The MAP results achieved by all methods on the ADNI1, ADNI2, and AIBL datasets are reported in Table II. Here, ”M → P” represents the case where queries are sMRI scans and the database contains PET images, and ”P → M” represents the case where queries are PET images and the database has sMRI scans. From the results in Table II, one can observe an interesting finding. That is, the MAP values for ”M→P” are usually higher than those for ”P→M”, especially for ADNI1 and ADNI2. This may be due to the limited number of PET images. From Subsection IV-A, we can see that the numbers of sMRI scans on three datasets are usually larger than that of PET scans. Since deep models usually need a large number of training data to reduce over-fitting, the limited PET scans may degrade the generalization ability of the hash functions for PET modality. Therefore, the generated hash codes for MRI queries may be better than those for PET queries, which may induce the performance gap between ”M→P” and ”P→M” tasks. From the results, one can also obtain that CenterHash usually outperforms other competing methods by large margins. For instance, compared to SCM (the state-of-the-art traditional method), CenterHash can obtain absolute increase of 7.253%/3.105% and 13.74%/4.085% 5.473%/2.915% in terms of the average MAP in two cross-modal retrieval tasks ”M → P” and ”P → M” on ADNI1, ADNI2, and AIBL, respectively. Also, CenterHash outperforms DCMH (the state-of-the-art deep learning method), by margins of 2.928%/2.822%, 5.625%/4.395%, and 2.225%/3.323% in terms of the average MAP on three datasets, respectively. These results validate the superiority of CenterHash in cross-modal neuroimage retrieval.

TABLE II.

COMPARISON WITH BASELINES IN TERMS OF MAP (WITH BEST RESULTS SHOWN IN BOLDFACE).

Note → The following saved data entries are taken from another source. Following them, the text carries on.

text \<open>The hypergeometric form of the moments; with \<open>a\<^sub>1 = -n\<close> the series has only \<open>n + 1\<close>
  nonzero terms.\<close>
lemma even_moment_sum_hypergeometric:
  assumes "lam \<ge> 1"
  shows "2 ^ (2 * n) * hyp3F2 (- real n) (1 - 1 / (2 * lam)) (3 / 2 - 1 / (2 * lam)) (2 - 1 / lam) 1 1
         = even_moment_sum lam n"
proof -
  define z where "z = 1 - 1 / (2 * lam)"
  have z: "z > 0" using assms unfolding z_def by (simp add: field_simps)
  have params: "3 / 2 - 1 / (2 * lam) = z + 1/2" "2 - 1 / lam = 2 * z"
    unfolding z_def by (simp_all add: field_simps)
  let ?t = "\<lambda>j. pochhammer (- real n) j * pochhammer z j * pochhammer (z + 1/2) j
      / (pochhammer (2 * z) j * pochhammer 1 j) * 1 ^ j / fact j"
  have "hyp3F2 (- real n) z (z + 1/2) (2 * z) 1 1 = (\<Sum>j\<le>n. ?t j)"
    unfolding hyp3F2_def by (rule suminf_finite) (auto simp: pochhammer_of_nat_eq_0_iff)
  then have "2 ^ (2 * n) * hyp3F2 (- real n) z (z + 1/2) (2 * z) 1 1 = (\<Sum>j\<le>n. 4 ^ n * ?t j)"
    by (simp add: sum_distrib_left power_mult)
  also have "\<dots> = (\<Sum>j\<le>n. real (n choose j) * (-1) ^ j * 4 ^ (n - j) * (pochhammer (2 * z + real j) j / fact j))"
    by (intro sum.cong refl hypergeometric_term_eq z) auto
  also have "\<dots> = even_moment_sum lam n"
    unfolding even_moment_sum_def gchoose_shift_eq_pochhammer
    by (intro sum.cong refl) (simp add: z_def algebra_simps)
  finally show ?thesis unfolding params z_def .
qed

text \<open>Legendre's duplication formula \<open>\<Gamma>(z) \<Gamma>(z + 1/2) = 2^(1-2z) \<surd>\<pi> \<Gamma>(2z)\<close> at
  \<open>z = 1 - 1/(2\<lambda>)\<close> shows that the Gamma expression for \<open>c_\<lambda>\<close> equals \<open>\<pi>\<close>.\<close>
lemma gamma_expression_eq_pi:
  assumes "lam \<ge> 1"
  shows "2 powr (1 - 1 / lam) * sqrt pi * Gamma (1 - 1 / (2 * lam)) * Gamma (3 / 2 - 1 / (2 * lam))
           / Gamma (2 - 1 / lam) = pi"
proof -
  define z where "z = 1 - 1 / (2 * lam)"
  have z: "z > 0" using assms unfolding z_def by (simp add: field_simps)
  have params: "3 / 2 - 1 / (2 * lam) = z + 1/2" "2 - 1 / lam = 2 * z" "1 - 1 / lam = 2 * z - 1"
    unfolding z_def by (simp_all add: field_simps)
  have not_pole: "complex_of_real z \<notin> \<int>\<^sub>\<le>\<^sub>0" "complex_of_real z + 1/2 \<notin> \<int>\<^sub>\<le>\<^sub>0"
    using z by (auto elim!: nonpos_Ints_cases simp: complex_eq_iff)
  from Gamma_legendre_duplication[OF not_pole]
  have "complex_of_real (Gamma z * Gamma (z + 1/2))
      = complex_of_real (exp ((1 - 2 * z) * ln 2) * sqrt pi * Gamma (2 * z))"
    by (simp add: Gamma_complex_of_real[symmetric] exp_of_real[symmetric])
  then have duplication: "Gamma z * Gamma (z + 1/2) = 2 powr (1 - 2 * z) * sqrt pi * Gamma (2 * z)"
    by (simp only: of_real_eq_iff powr_def) simp
  have "Gamma (2 * z) > 0" using z by (intro Gamma_real_pos) simp
  moreover have "2 powr (2 * z - 1) * 2 powr (1 - 2 * z) = (1::real)" by (simp add: powr_add[symmetric])
  ultimately show ?thesis unfolding params z_def[symmetric]
    by (simp add: mult.assoc duplication) (simp add: field_simps)
qed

Task	Method	ADNI1				ADNI2				AIBL
		k = 16	k = 32	k = 64	k = 128	k = 16	k = 32	k = 64	k = 128	k = 16	k = 32	k = 64	k = 128
M → P	ACQ	0.4163	0.3713	0.4015	0.4623	0.3883	0.4341	0.4386	0.4096	0.5498	0.5535	0.5563	0.5583
	STMH	0.4246	0.4093	0.4087	0.3864	0.3778	0.4449	0.4511	0.4225	0.5870	0.6087	0.5995	0.5969
	CVH	0.3933	0.3842	0.4163	0.3752	0.4023	0.3896	0.4238	0.4003	0.5694	0.5710	0.5622	0.5654
	SEPH	0.4378	0.4416	0.4063	0.4320	0.4225	0.4610	0.4097	0.4670	0.6231	0.5944	0.5385	0.5660
	SCM	0.5037	0.4713	0.5109	0.5174	0.4368	0.4944	0.4452	0.5009	0.5735	0.5919	0.5892	0.5807
	CMHH	0.4738	0.4323	0.4502	0.4144	0.4520	0.4348	0.4576	0.4223	0.5932	0.5741	0.5794	0.5962
	PGDH	0.5124	0.5181	0.5276	0.5225	0.6275	0.5735	0.5861	0.5543	0.6054	0.6094	0.5928	0.6025
	DCMH	0.5562	0.5529	0.5366	0.5306	0.5819	0.5712	0.5914	0.5573	0.6160	0.6268	0.6261	0.5963
	CenterHash	0.5855	0.5598	0.5663	0.5818	0.6463	0.6164	0.6363	0.6278	0.6430	0.6361	0.6380	0.6371

P → M	ACQ	0.3985	0.4242	0.3725	0.3706	0.3923	0.4023	0.4107	0.4466	0.5544	0.5548	0.5503	0.5503
	STMH	0.4246	0.4093	0.4087	0.3864	0.4281	0.3923	0.3779	0.4586	0.5825	0.5907	0.5731	0.5821
	CVH	0.3913	0.3992	0.4079	0.4138	0.4099	0.3615	0.3768	0.4106	0.6075	0.5880	0.5881	0.5699
	SEPH	0.4585	0.3962	0.4587	0.3688	0.3807	0.3803	0.4223	0.4472	0.5555	0.5651	0.5775	0.5482
	sCM	0.4806	0.4658	0.4599	0.4659	0.4370	0.4853	0.4280	0.4635	0.5798	0.5892	0.5992	0.6106
	CMHH	0.4017	0.4098	0.4072	0.4008	0.4070	0.3961	0.4301	0.4121	0.5888	0.5850	0.5740	0.5964
	PGDH	0.5097	0.4565	0.4422	0.4592	0.4478	0.4585	0.4254	0.4408	0.5848	0.5935	0.5949	0.5996
	DCMH	0.5248	0.4601	0.4518	0.4468	0.4490	0.4521	0.4556	0.4449	0.5923	0.5824	0.5760	0.6118
	CenterHash	0.5312	0.4837	0.4989	0.4826	0.4835	0.4970	0.5131	0.4838	0.6251	0.6105	0.6303	0.6295

Open in a new tab

The recall@K curves with k = 64 achieved by all methods on the three datasets for both ”M → P” and ”P → M” tasks are shown in Fig. 2 and Fig. 3. From these results, one can obtain that CenterHash can usually achieve better recall performance than other baseline methods on both cross-modal retrieval tasks, which is consistent with the MAP evaluation.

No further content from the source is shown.